It's important to differentiate the general concept of "Good Enough" as in "that's good enough" from the software engineering approach that, while coined from the same term, is surprisingly more formalized around balancing risk/effort vs. achieving perfection

Agreed. I think scientists and software engineers can really teach each other quite a bit. So I'd love to see a day whereby the phrase is more often used in science to mean making defensible trade-offs rather than achieving basic competency.

We've been working on a a data science template that bakes in a number of these practices. Currently leans Python, but could definitely be useful for scientific computing generally: https://github.com/drivendata/cookiecutter-data-science

I disagree with the part that recommends BSD instead of GPL. It's a myth that GPL doesn't allow software to be used for commercial ends. It only forces the person to contribute back the changes, letting the others profit from their work as they profited from theirs.

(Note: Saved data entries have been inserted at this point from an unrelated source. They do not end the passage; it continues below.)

lemma phi_0_power_nth:
  assumes "F 0 0 = 0"
  shows "(phi F 0 ^ k) $ n = fact k / fact n * bell_poly n k (\<lambda>i. F i 0)"
proof -
  have "phi F 0 = Abs_fps (\<lambda>i. if i = 0 then 0 else F i 0 / fact i)"
    by (rule fps_ext) (simp add: phi_def efps_def assms)
  then show ?thesis by (simp add: bell_poly_def)
qed

lemma fps_eval_at_nth_eq_sum:
  assumes "h $ 0 = 0"
  shows "fps_eval_at h S $ m = (\<Sum>k=1..m. (h $ k * S ^ k) $ m)"
  using assms by (simp add: fps_eval_at_def fps_sum_nth sum.atLeast_Suc_atMost)

lemma fact_mult_fps_eval_at_comp_inverse_nth:
  fixes F :: "nat \<Rightarrow> nat \<Rightarrow> 'a::field_char_0"
  assumes F00: "F 0 0 = 0" and F01: "F 0 1 \<noteq> 0"
  shows "fact m * fps_eval_at (fps_comp_inverse (egf_series (phi F)) (inverse (phi F 1))) (- phi F 0) $ m
    = (\<Sum>k=1..m. \<Sum>n=0..m. (-1) ^ k * of_nat (m choose n) * a_coeff F k (m - n) * bell_poly n k (\<lambda>i. F i 0))"
proof -
  let ?h = "fps_comp_inverse (egf_series (phi F)) (inverse (phi F 1))"
  have \<phi>1: "phi F 1 $ 0 \<noteq> 0" using F01 by (simp add: phi_def efps_def)
  have "fact m * (?h $ k * (- phi F 0) ^ k) $ m
      = (\<Sum>n=0..m. (-1) ^ k * of_nat (m choose n) * a_coeff F k (m - n) * bell_poly n k (\<lambda>i. F i 0))"
    if k: "k \<ge> 1" for k
  proof -
    have "?h $ k * (- phi F 0) ^ k = fps_const (inverse (fact k)) * ((- phi F 0) ^ k * A1 k (phi F))"
      unfolding fps_comp_inverse_nth_A1[where \<phi> = "phi F", OF \<phi>1 k] by (simp only: mult_ac)
    then have "fact m * (?h $ k * (- phi F 0) ^ k) $ m
        = fact m * (fps_const (inverse (fact k)) * ((- phi F 0) ^ k * A1 k (phi F))) $ m"
      by (simp only:)
    also have "\<dots> = (\<Sum>n=0..m. fact m / fact k * (((- phi F 0) ^ k) $ n * A1 k (phi F) $ (m - n)))"
      unfolding fps_mult_left_const_nth fps_mult_nth[of "(- phi F 0) ^ k"]
      by (simp add: sum_distrib_left divide_inverse mult_ac)
    also have "\<dots> = (\<Sum>n=0..m. (-1) ^ k * of_nat (m choose n) * a_coeff F k (m - n) * bell_poly n k (\<lambda>i. F i 0))"
    proof (intro sum.cong refl)
      fix n assume "n \<in> {0..m}"
      then have mc: "(of_nat (m choose n) :: 'a) = fact m / (fact n * fact (m - n))"
        by (simp add: binomial_fact)
      have sk: "((- phi F 0) ^ k) $ n = (-1) ^ k * (fact k / fact n * bell_poly n k (\<lambda>i. F i 0))"
      proof -
        have "(-1 :: 'a fps) ^ k = fps_const ((-1) ^ k)"
          by (metis fps_const_neg fps_const_1_eq_1 fps_const_power)
        then show ?thesis by (simp add: power_minus[of "phi F 0"] phi_0_power_nth[where F = F, OF F00])
      qed
      show "fact m / fact k * (((- phi F 0) ^ k) $ n * A1 k (phi F) $ (m - n))
          = (-1) ^ k * of_nat (m choose n) * a_coeff F k (m - n) * bell_poly n k (\<lambda>i. F i 0)"
        unfolding sk mc a_coeff_def by (simp add: field_simps)
    qed
    finally show ?thesis .
  qed
  then show ?thesis by (simp add: fps_eval_at_nth_eq_sum sum_distrib_left)
qed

As someone who's worked with OSS while employed at a very large company, using BSD licensed software is infinitely easier than GPL. GPLv3 was likely to be flat out banned and even GPLv2 required many approvals and a long process from legal - all this to even use it internally where it would never directly impact a customer. GPL is simply too dangerous for many companies to touch, and those that do have a disturbingly high rate of failure to comply with all terms.

If the goal of making your software open source is to allow anyone to use it, GPL makes that _harder_.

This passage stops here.